Now there will still be some people who will say, “But you’re talking about real people who are being killed,” which is true, so you better be really damn funny to sell that joke. That’s the thing, if you try a high-risk joke like that and you’re not funny, that’s on you. But as long as it’s clear to everyone listening that this is not a joke about this person dying, this is a joke about a system which allows this person to be killed and for it to be overlooked and it to be treated as OK, then there’s no line that you can go over that’ll be too far. I think what makes for bad comedy is just trying to provoke people, and “What can I get away with?” Because then you’re just being a dick, you’re not being funny.
EH: You can say anything as long as you take responsibility for the consequences, and that might mean that no one ever will put you on TV again or even if you say something that’s hateful, you could even get in legal trouble. But we’re a nation of free speech and what really bugs me is when somebody says something offensive, there’s a lot of outcry and then that person says, “Stop trying to muzzle my free speech.” No one is trying to muzzle your free speech, they’re just angry at what you said, and that’s fine. They have just as much a right to be angered by you as you do to say the thing that you said. It’s all just this sort of ebb and flow of idea, emotion and knee jerk. I sort of feel like all of that is healthy.

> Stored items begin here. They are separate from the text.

lemma compactin_separated_card_bounded:
  assumes "compactin (mtopology_of m) K" "e > 0"
  obtains M where "\<And>S. finite S \<Longrightarrow> S \<subseteq> K \<Longrightarrow> separated m e S \<Longrightarrow> card S \<le> M"
proof -
  have "Metric_space.mtotally_bounded (mspace m) (mdist m) K"
    using assms(1) Metric_space.compactin_imp_mtotally_bounded[OF Metric_space_mspace_mdist]
    by (simp add: mtopology_of_def)
  then obtain C where C: "finite C" "K \<subseteq> (\<Union>c\<in>C. mball_of m c (e/2))"
    using \<open>e > 0\<close> unfolding Metric_space.mtotally_bounded_def[OF Metric_space_mspace_mdist] mball_of_def
    by (meson half_gt_zero)
  have "\<forall>a\<in>K. \<exists>c. c \<in> C \<and> a \<in> mball_of m c (e/2)" using C(2) by blast
  then obtain h where h: "\<And>a. a \<in> K \<Longrightarrow> h a \<in> C \<and> a \<in> mball_of m (h a) (e/2)"
    using bchoice by metis
  have "card S \<le> card C" if S: "finite S" "S \<subseteq> K" "separated m e S" for S
  proof -
    \<comment> \<open>two points of S in the same ball of radius e/2 would be at distance less than e\<close>
    have "inj_on h S"
    proof (rule inj_onI, rule ccontr)
      fix a b assume ab: "a \<in> S" "b \<in> S" "h a = h b" "a \<noteq> b"
      then have "a \<in> K" "b \<in> K" using S by auto
      then have "mdist m a b \<le> mdist m a (h a) + mdist m (h a) b"
        using h by (intro mdist_triangle) auto
      also have "\<dots> < e"
        using h[OF \<open>a \<in> K\<close>] h[OF \<open>b \<in> K\<close>] ab(3) by (simp add: mdist_commute)
      finally show False using S ab unfolding separated_def by force
    qed
    then have "card S = card (h ` S)" by (simp add: card_image)
    also have "\<dots> \<le> card C" using h S C by (intro card_mono) auto
    finally show ?thesis .
  qed
  then show thesis using that by blast
qed
(* Let $n\ge 2$, let $q\in\{2,\dots,n\}$ and let $r_1,\dots,r_q\in\mathbb{N}$. Let $X\in\mathcal{H}_{0,r_1,\dots,r_q}$ satisfy $$B_1B_2\cdots B_q X=0 .$$ Then $X=0$.
   Context: Fix $n\ge 1$ and $s\ge 1$. For integers $k,l_1,\dots,l_s$, let $\mathcal{H}_{k,l_1,\dots,l_s}$ denote the real vector space of arrays $X^{J_1,\dots,J_s}_{i_1\dots i_k}$, where all indices range over $\{1,\dots,n\}$, each $J_\alpha=(j^{\alpha}_1,\dots,j^{\alpha}_{l_\alpha})$ is a string of $l_\alpha$ indices, the array is totally antisymmetric in $i_1,\dots,i_k$ and totally symmetric in the indices of each $J_\alpha$ separately. By convention $\mathcal{H}_{k,l_1,\dots,l_s}=0$ if some index $k,l_1,\dots,l_s$ is negative or if $k>n$. (Equivalently, $\mathcal{H}_{k,l_1,\dots,l_s}$ is the subspace of $\mathcal{F}^{-}(\mathbb{R}^n)\otimes\mathcal{F}^{+}(\mathbb{R}^n)^{\otimes s}$ with $k$ fermions and $l_\alpha$ bosons of type $\alpha$.) Denote by $\mathcal{S}^{+}_{a_1,\dots,a_p}$ (resp. $\mathcal{S}^{-}_{a_1,\dots,a_p}$) the symmetrization (resp. antisymmetrization) in the listed indices, normalized by $1/p!$. For $\alpha=1,\dots,s$ the operator $B_\alpha:\mathcal{H}_{k,l_1,\dots,l_s}\to\mathcal{H}_{k+1,l_1,\dots,l_\alpha+1,\dots,l_s}$ (in Fock language $B_\alpha=\sum_i b^{*}_{(\alpha)i}a^{*i}$) is defined by $$(B_\alpha X)^{J_1,\dots,J_{\alpha-1},\{j_0,j_1,\dots,j_l\},J_{\alpha+1},\dots,J_s}_{i_0i_1\dots i_k}=\mathcal{S}^{+}_{j_0,\dots,j_l}\,\mathcal{S}^{-}_{i_0,\dots,i_k}\,\delta^{j_0}_{i_0}\,X^{J_1,\dots,J_{\alpha-1},\{j_1,\dots,j_l\},J_{\alpha+1},\dots,J_s}_{i_1\dots i_k},$$ where $l=l_\alpha$ (the result is $0$ if $k+1>n$). *)

theory Defs
  imports Complex_Main "HOL-Combinatorics.Permutations"
begin

text \<open>An array X^{J_1..J_s}_{i_1..i_k} is modelled as a function of the list of
  fermion (lower) indices and the list of the s boson index strings J_1..J_s.
  Indices range over {1..n}; the function is required to vanish on arguments of the
  wrong shape, so that elements of H_{k,l_1..l_s} correspond exactly to such arrays.\<close>

type_synonym arr = "nat list \<Rightarrow> nat list list \<Rightarrow> real"

definition valid_shape :: "nat \<Rightarrow> nat \<Rightarrow> nat list \<Rightarrow> nat list \<Rightarrow> nat list list \<Rightarrow> bool" where
  "valid_shape n k ls I Js \<longleftrightarrow>
     length I = k \<and> set I \<subseteq> {1..n} \<and> length Js = length ls \<and>
     (\<forall>a<length ls. length (Js ! a) = ls ! a \<and> set (Js ! a) \<subseteq> {1..n})"

definition inH :: "nat \<Rightarrow> nat \<Rightarrow> nat list \<Rightarrow> arr \<Rightarrow> bool" where
  "inH n k ls X \<longleftrightarrow>
     (\<forall>I Js. \<not> valid_shape n k ls I Js \<longrightarrow> X I Js = 0) \<and>
     (k > n \<longrightarrow> X = (\<lambda>_ _. 0)) \<and>
     (\<forall>I Js p. p permutes {..<length I} \<longrightarrow>
         X (permute_list p I) Js = of_int (sign p) * X I Js) \<and>
     (\<forall>I Js a p. a < length Js \<longrightarrow> p permutes {..<length (Js ! a)} \<longrightarrow>
         X I (Js[a := permute_list p (Js ! a)]) = X I Js)"

text \<open>The operator B_alpha (here alpha is 0-based: B n a corresponds to B_{a+1}):
  (B X)^{..,{j_0..j_l},..}_{i_0..i_k} =
     S^+_{j_0..j_l} S^-_{i_0..i_k} delta^{j_0}_{i_0} X^{..,{j_1..j_l},..}_{i_1..i_k},
  each (anti)symmetrizer normalized by 1/p!; the result is 0 if k+1 > n.\<close>
definition B :: "nat \<Rightarrow> nat \<Rightarrow> arr \<Rightarrow> arr" where
  "B n a X = (\<lambda>I Js.
     if I \<noteq> [] \<and> length I \<le> n \<and> set I \<subseteq> {1..n} \<and> a < length Js \<and> Js ! a \<noteq> [] \<and>
        (\<forall>b<length Js. set (Js ! b) \<subseteq> {1..n})
     then (1 / fact (length (Js ! a))) * (1 / fact (length I)) *
       (\<Sum>\<sigma>\<in>{\<sigma>. \<sigma> permutes {..<length (Js ! a)}}.
         \<Sum>\<tau>\<in>{\<tau>. \<tau> permutes {..<length I}}.
           of_int (sign \<tau>) *
           (if hd (permute_list \<sigma> (Js ! a)) = hd (permute_list \<tau> I)
            then X (tl (permute_list \<tau> I)) (Js[a := tl (permute_list \<sigma> (Js ! a))])
            else 0))
     else 0)"

end

theory Submission
  imports Defs
begin

(* Write Z_j = B_j B_(j+1) ... B_q X.  Each B_alpha contracts one fermion index with one boson
   index of type alpha; since X, and hence every Z_j, is symmetric in the bosons of each type, the
   symmetrizer in B_alpha only sees the relative multiplicity freq x J of the contracted value x in
   the string J.  By descending induction on j, Z_j(I, K) is therefore the antisymmetrization over
   I of  prod_beta freq (I_beta) (K_(j+beta)) * X(K with I_beta removed from slot j+beta).

   To show X(J) = 0 for a shape J, evaluate Z_1 = 0 at I = (1, ..., q) and at the strings
   K_beta = (beta+1) J_beta.  The identity permutation contributes a positive multiple of X(J).
   Any other permutation tau contributes either 0 or a multiple of X(J'), where J' is obtained by
   replacing, in each slot beta, an entry tau(beta)+1 by beta+1; by the rearrangement inequality J' has
   strictly larger weight  sum_beta (beta+1) * (sum of J_beta),  and the weights of shapes are
   bounded.  Descending induction on the weight gives X(J) = 0. *)

section \<open>Permutations and antisymmetrization\<close>

definition perm_shift :: "(nat \<Rightarrow> nat) \<Rightarrow> nat \<Rightarrow> nat" where
  "perm_shift \<rho> i = (case i of 0 \<Rightarrow> 0 | Suc i' \<Rightarrow> Suc (\<rho> i'))"

lemma perm_shift_permutes:
  assumes "\<rho> permutes {..<m}"
  shows "perm_shift \<rho> permutes {..<Suc m}"
proof (rule bij_imp_permutes)
  have "inj_on (perm_shift \<rho>) {..<Suc m}"
  proof (rule inj_onI)
    fix i j assume "perm_shift \<rho> i = perm_shift \<rho> j"
    then show "i = j"
      using permutes_inj[OF assms] by (cases i; cases j) (auto simp: perm_shift_def inj_eq)
  qed
  moreover have "perm_shift \<rho> i < Suc m" if "i < Suc m" for i
    using that permutes_in_image[OF assms] by (cases i) (auto simp: perm_shift_def)
  ultimately show "bij_betw (perm_shift \<rho>) {..<Suc m} {..<Suc m}"
    by (intro bij_betw_imageI endo_inj_surj) auto
  show "perm_shift \<rho> i = i" if "i \<notin> {..<Suc m}" for i
    using that permutes_not_in[OF assms] by (cases i) (auto simp: perm_shift_def)
qed

lemma sign_perm_shift:
  assumes "\<rho> permutes {..<m}"
  shows "sign (perm_shift \<rho>) = sign \<rho>"
  using assms finite_lessThan
proof (induction rule: permutes_induct)
  case id
  have "perm_shift id = id"
    by (rule ext) (simp add: perm_shift_def split: nat.split)
  then show ?case
    by (simp only: sign_id)
next
  case (swap a b p)
  have shift: "perm_shift (transpose a b \<circ> p) = transpose (Suc a) (Suc b) \<circ> perm_shift p"
    by (rule ext) (simp add: perm_shift_def transpose_def split: nat.split)
  have "permutation (perm_shift p)" "permutation p"
    using perm_shift_permutes[OF swap.hyps(4)] swap.hyps(4)
    by (auto intro: permutes_imp_permutation)
  then have "sign (perm_shift (transpose a b \<circ> p)) =
      sign (transpose (Suc a) (Suc b)) * sign (perm_shift p)"
    "sign (transpose a b \<circ> p) = sign (transpose a b) * sign p"
    unfolding shift by (simp_all only: sign_compose permutation_swap_id)
  then show ?case
    using swap.IH \<open>a \<noteq> b\<close> by (simp add: sign_swap_id comp_def)
qed
end

lemma lgmhp_of_t_resolvable:
  assumes "finite Y" "t \<le> w" and res: "t_resolvable t w w' Y Bs"
    and Q: "lgmhp t w A g Q" "finite A" "card A = w'"
  shows "\<exists>P. lgmhp t w Y g P"
proof -
  obtain R where St: "steiner_system w w' Y Bs" and R: "partition_on Bs R"
    and classes: "\<forall>C\<in>R. steiner_system t w' Y C"
    using res unfolding t_resolvable_def by blast
  have "\<exists>f. bij_betw f A B" if "B \<in> Bs" for B
    using steiner_system_blockD[OF St that] Q(2,3) \<open>finite Y\<close>
    by (metis finite_same_card_bij finite_subset)
  then obtain phi where "\<And>B. B \<in> Bs \<Longrightarrow> bij_betw (phi B) A B" by metis
  then interpret resolvable_lifting t w w' g Y Bs R A Q phi
    using assms St R classes by unfold_locales auto
  show ?thesis using lgmhp_lifted_classes by blast
qed

theorem theorem3p9:
  fixes t w w' n g :: nat
  assumes "0 < t" and "0 < w" and "0 < w'" and "0 < n" and "0 < g"
    and "t \<le> w" and "w \<le> w'"
    and "\<exists>(X :: nat set) B. finite X \<and> card X = n \<and> t_resolvable t w w' X B"
    and "\<exists>P. lgmhp t w {..<w'} g P"
  shows "\<exists>P. lgmhp t w {..<n} g P"
proof -
  obtain X :: "nat set" and B where X: "finite X" "card X = n" and res: "t_resolvable t w w' X B"
    using assms(8) by blast
  obtain h where "bij_betw h X {..<n}" using finite_same_card_bij[OF X(1), of "{..<n}"] X(2) by auto
  then have res': "t_resolvable t w w' {..<n} ((`) h ` B)" by (rule t_resolvable_bij_image[OF res])
  obtain Q where Q: "lgmhp t w {..<w'} g Q" using assms(9) by blast
  show ?thesis
    by (rule lgmhp_of_t_resolvable[OF finite_lessThan assms(6) res' Q finite_lessThan card_lessThan])
qed

end
text \<open>
  For a prime \<open>r\<close>, whether some \<open>r\<close>-th power in a group has an abelian centralizer is an
  isomorphism invariant. In the group of homeomorphisms of an odometer that commute with some
  power of \<open>+1\<close>, it detects whether \<open>r\<close> divides the scale.

  If \<open>r\<close> divides no \<open>p n\<close>, then \<open>r\<close> is invertible in the odometer, the translation \<open>h\<close> by
  \<open>1/r\<close> satisfies \<open>h^r = +1\<close>, and every homeomorphism commuting with \<open>+1\<close> is a translation.

  If every power of \<open>r\<close> divides some \<open>p n\<close>, let \<open>h\<close> commute with \<open>(+1)^k\<close> and choose a level
  \<open>m\<close> beyond which \<open>gcd k (p M)\<close> is constant and such that \<open>r^(v+1)\<close> divides \<open>p m\<close>, where \<open>v\<close>
  is the multiplicity of \<open>r\<close> in \<open>k\<close>. By continuity \<open>h\<close> acts on the \<open>m\<close>-th coordinate by a
  permutation \<open>\<sigma>\<close> of the residues mod \<open>p m\<close> that commutes with \<open>+k\<close>. Adding \<open>k * p m\<close> to
  exactly those points whose \<open>m\<close>-th coordinate lies in the \<open>\<sigma>^r\<close>-orbit of \<open>0\<close> commutes with
  \<open>h^r\<close>. If it also commuted with \<open>h\<close> and with \<open>(+1)^k\<close>, then \<open>\<sigma> 0\<close> and \<open>k\<close> would lie in
  that orbit, so \<open>\<sigma>^N 0 = 0\<close> for some \<open>N\<close> prime to \<open>r\<close> and \<open>p m\<close> would divide \<open>N * k\<close>,
  which the choice of \<open>m\<close> forbids.

  So isomorphic groups come from scales with the same prime divisors. For torsion free scales
  this makes every \<open>p n\<close> divide some \<open>q m\<close> and vice versa, and reading off coordinates along
  these divisibilities is an isomorphism of the odometers.
\<close>

section \<open>Continuity on products of discrete spaces\<close>

lemma continuous_on_fun_coordinate_locally_finite:
  fixes f :: "('i \<Rightarrow> 'a::topological_space) \<Rightarrow> 'j \<Rightarrow> 'b::discrete_topology"
  assumes "continuous_on S f" "x \<in> S"
  obtains F where "finite F" "\<And>z. z \<in> S \<Longrightarrow> (\<forall>i\<in>F. z i = x i) \<Longrightarrow> f z m = f x m"
proof -
  have "open ((\<lambda>u. u m) -` {f x m})"
    by (intro open_vimage) (auto simp: open_discrete)
  then obtain A where A: "open A" "A \<inter> S = f -` ((\<lambda>u. u m) -` {f x m}) \<inter> S"
    using assms(1) unfolding continuous_on_open_invariant by blast
  have "openin (product_topology (\<lambda>i. euclidean) UNIV) A" "x \<in> A"
    using A assms(2) by (auto simp: open_fun_def)
  from product_topology_open_contains_basis[OF this]
  obtain U where U: "x \<in> (\<Pi>\<^sub>E i\<in>UNIV. U i)" "finite {i. U i \<noteq> UNIV}" "(\<Pi>\<^sub>E i\<in>UNIV. U i) \<subseteq> A"
    by auto
  show ?thesis
  proof
    show "finite {i. U i \<noteq> UNIV}" by (fact U(2))
    fix z assume "z \<in> S" "\<forall>i\<in>{i. U i \<noteq> UNIV}. z i = x i"
    then have "z \<in> A" "z \<in> S"
      using U(1,3) by (fastforce simp: PiE_iff)+
    then show "f z m = f x m" using A(2) by auto
  qed
qed
(* Let $\sigma(u)=1/(1+e^{-u})$, $\sigma_\tau(u)=\sigma(u/\tau)$ for $\tau>0$, and let $z$ be a standard logistic random variable with density $p_Z(u)=\sigma(u)(1-\sigma(u))$. Let $\eta\in\mathbb{R}$ and let $\mathcal L:[0,1]\to\mathbb{R}$ be continuously differentiable. Consider the binary variable $x\in\{0,1\}$ with $P(x=1)=\sigma(\eta)$, whose true gradient is $\frac{d}{d\eta}\mathbb{E}[\mathcal L(x)]=p_Z(\eta)(\mathcal L(1)-\mathcal L(0))$, and the Gumbel-Softmax estimator $\hat G_\tau=\frac{d}{d\eta}\mathcal L(\sigma_\tau(\eta-z))$. Then $\lim_{\tau\to0^+}\mathbb{E}_z[\hat G_\tau]=p_Z(\eta)(\mathcal L(1)-\mathcal L(0))$, and the bias satisfies $\mathbb{E}_z[\hat G_\tau]-p_Z(\eta)(\mathcal L(1)-\mathcal L(0))=O(\tau)$ as $\tau\to0^+$. *)

theory Defs
  imports "HOL-Analysis.Analysis" "HOL-Library.Landau_Symbols"
begin

definition sigmoid :: "real \<Rightarrow> real" where
  "sigmoid u = 1 / (1 + exp (- u))"

definition sigmoid_temp :: "real \<Rightarrow> real \<Rightarrow> real" where
  "sigmoid_temp \<tau> u = sigmoid (u / \<tau>)"

definition logistic_density :: "real \<Rightarrow> real" where
  "logistic_density u = sigmoid u * (1 - sigmoid u)"

definition gs_estimator :: "(real \<Rightarrow> real) \<Rightarrow> real \<Rightarrow> real \<Rightarrow> real \<Rightarrow> real" where
  "gs_estimator L \<tau> \<eta> z = deriv (\<lambda>e. L (sigmoid_temp \<tau> (e - z))) \<eta>"

definition gs_expectation :: "(real \<Rightarrow> real) \<Rightarrow> real \<Rightarrow> real \<Rightarrow> real" where
  "gs_expectation L \<tau> \<eta> = (LINT z|lborel. logistic_density z * gs_estimator L \<tau> \<eta> z)"

end

theory Submission imports Defs begin
lemma nn_integral_abs_power_gauss:
  "(\<integral>\<^sup>+s. ennreal (\<bar>s\<bar>^n * exp (- s\<^sup>2/2)) \<partial>lborel) =
     ennreal (sqrt (2*pi) * (if odd n then sqrt (2/pi) * 2^(n div 2) * fact (n div 2)
                               else fact n / (2^(n div 2) * fact (n div 2))))"
proof -
  have density: "\<bar>s\<bar>^n * exp (- s\<^sup>2/2) = sqrt (2*pi) * (std_normal_density s * \<bar>s\<bar>^n)" for s :: real
    by (simp add: normal_density_def real_sqrt_mult)
  have "(\<integral>\<^sup>+s. ennreal (\<bar>s\<bar>^n * exp (- s\<^sup>2/2)) \<partial>lborel) =
        ennreal (sqrt (2*pi)) * (\<integral>\<^sup>+s. ennreal (std_normal_density s * \<bar>s\<bar>^n) \<partial>lborel)"
    unfolding density by (subst nn_integral_cmult[symmetric]) (auto simp: ennreal_mult)
  also have "(\<integral>\<^sup>+s. ennreal (std_normal_density s * \<bar>s\<bar>^n) \<partial>lborel) =
      ennreal (if odd n then sqrt (2/pi) * 2^(n div 2) * fact (n div 2)
                               else fact n / (2^(n div 2) * fact (n div 2)))"
  proof (cases "odd n")
    case True
    then obtain k where n: "n = 2*k+1" by (metis oddE)
    show ?thesis using nn_integral_eq_has_bochner_integral[OF std_normal_moment_abs_odd[of k]] n by simp
  next
    case False
    then obtain k where n: "n = 2*k" by (metis evenE)
    have "\<bar>s\<bar>^(2*k) = s^(2*k)" for s :: real by (simp add: power_mult power2_abs)
    then show ?thesis using nn_integral_eq_has_bochner_integral[OF std_normal_moment_even[of k]] n by simp
  qed
  finally show ?thesis by (simp add: ennreal_mult)
qed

DR: I go back and forth between rolling my eyes at the people who say, “How dare you [tell] this joke that made me angry” and then the people who say “How dare you get angry at the joke that I told.”
EH: They’re both wrong.
DR: You told the joke, they got angry. That’s what happens when you tell jokes.
Zoë DePreta (Office of Communications): I really like what you said about Donald Trump almost being like a standup comedian now. With that in mind, what do you think the future of comedy is and what direction is it headed?
EH: I definitely am aware of styles of comedy that kind of come and go. This is kind of interesting, in the ’80s and ’90s it was a time of great excess for the country and I think that there was sort of this swagger to comedy at that time. Seinfeld, who’s one of my all-time favorites, and Andrew Dice Clay, and there was this very kind of macho thing going on. I think an offshoot of that was almost sort of a mean-spirited thing that emerged with Ali G, who I also think was pretty great, but at times to me was uncomfortable, Borat and all that.
DR: It’s interesting because you were talking about the mean-spiritedness, and we’re kind of in a period when roasting has become popular again and now I don’t know that it’s going to be less appealing now that the people in power are basically roasting the country. Maybe there’s going to be less appetite for that, it’s not as edgy and more just like, “Oh right, we’re living through this.”
EH: I think you’re right, and I think that we might start to see a lot more slapstick. There was a time before your time, movies like Airplane and Top Secret, like really broad silly comedies are not happening right now. That’s a little bit of a clinging to fantasy when you’re comfortable enough that you can just get super silly like that. Because of the negativity around politics and the news and the cultural civil war going on there may be a sort of revert to silliness. I don’t know, I sort of hope there is because I miss that stuff.
DR: It’ll be interesting to see if and how the kind of internet comedy makes that leap off the internet. The dense layers of irony that is every meme on Instagram where it’s like you have to know 12 different things to understand why this is supposed to be funny, and the fact that it’s not funny is what makes it more funny. I don’t know how that transmits.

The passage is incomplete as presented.